**Aim of the task**
Please retype the data in full, exactly as given.

**Records to process**
lemma radial_projection_scaleR:
  fixes y :: "'a::real_normed_vector"
  assumes "0 < c"
  shows "(c *\<^sub>R y) /\<^sub>R norm (c *\<^sub>R y) = y /\<^sub>R norm y"
  using assms by (simp add: divide_inverse_commute)

lemma scaleR_image_cone:
  fixes P :: "'a::euclidean_space \<Rightarrow> bool"
  assumes "0 < c" and "c \<le> 1"
  shows "(\<lambda>y. c *\<^sub>R y + 0) ` {y \<in> ball 0 1 - {0}. P (y /\<^sub>R norm y)} =
           {y \<in> ball 0 c - {0}. P (y /\<^sub>R norm y)}"
proof (intro equalityI subsetI)
  fix z assume "z \<in> (\<lambda>y. c *\<^sub>R y + 0) ` {y \<in> ball 0 1 - {0}. P (y /\<^sub>R norm y)}"
  then obtain y where y: "y \<in> ball 0 1 - {0}" "P (y /\<^sub>R norm y)" and z: "z = c *\<^sub>R y"
    by auto
  from y(2) have "P (z /\<^sub>R norm z)"
    unfolding z radial_projection_scaleR[OF assms(1)] .
  then show "z \<in> {y \<in> ball 0 c - {0}. P (y /\<^sub>R norm y)}"
    using y assms by (auto simp: z)
next
  fix z assume z: "z \<in> {y \<in> ball 0 c - {0}. P (y /\<^sub>R norm y)}"
  define y where "y = z /\<^sub>R c"
  have zy: "z = c *\<^sub>R y"
    using assms(1) by (simp add: y_def)
  have "norm y < 1" "y \<noteq> 0"
    using z assms(1) by (auto simp: y_def field_simps)
  moreover have "P (z /\<^sub>R norm z)"
    using z by simp
  then have "P (y /\<^sub>R norm y)"
    unfolding zy radial_projection_scaleR[OF assms(1)] .
  ultimately show "z \<in> (\<lambda>y. c *\<^sub>R y + 0) ` {y \<in> ball 0 1 - {0}. P (y /\<^sub>R norm y)}"
    using zy by auto
qed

**Answer to this task**
lemma radial_projection_scaleR:
  fixes y :: "'a::real_normed_vector"
  assumes "0 < c"
  shows "(c *\<^sub>R y) /\<^sub>R norm (c *\<^sub>R y) = y /\<^sub>R norm y"
  using assms by (simp add: divide_inverse_commute)

lemma scaleR_image_cone:
  fixes P :: "'a::euclidean_space \<Rightarrow> bool"
  assumes "0 < c" and "c \<le> 1"
  shows "(\<lambda>y. c *\<^sub>R y + 0) ` {y \<in> ball 0 1 - {0}. P (y /\<^sub>R norm y)} =
           {y \<in> ball 0 c - {0}. P (y /\<^sub>R norm y)}"
proof (intro equalityI subsetI)
  fix z assume "z \<in> (\<lambda>y. c *\<^sub>R y + 0) ` {y \<in> ball 0 1 - {0}. P (y /\<^sub>R norm y)}"
  then obtain y where y: "y \<in> ball 0 1 - {0}" "P (y /\<^sub>R norm y)" and z: "z = c *\<^sub>R y"
    by auto
  from y(2) have "P (z /\<^sub>R norm z)"
    unfolding z radial_projection_scaleR[OF assms(1)] .
  then show "z \<in> {y \<in> ball 0 c - {0}. P (y /\<^sub>R norm y)}"
    using y assms by (auto simp: z)
next
  fix z assume z: "z \<in> {y \<in> ball 0 c - {0}. P (y /\<^sub>R norm y)}"
  define y where "y = z /\<^sub>R c"
  have zy: "z = c *\<^sub>R y"
    using assms(1) by (simp add: y_def)
  have "norm y < 1" "y \<noteq> 0"
    using z assms(1) by (auto simp: y_def field_simps)
  moreover have "P (z /\<^sub>R norm z)"
    using z by simp
  then have "P (y /\<^sub>R norm y)"
    unfolding zy radial_projection_scaleR[OF assms(1)] .
  ultimately show "z \<in> (\<lambda>y. c *\<^sub>R y + 0) ` {y \<in> ball 0 1 - {0}. P (y /\<^sub>R norm y)}"
    using zy by auto
qed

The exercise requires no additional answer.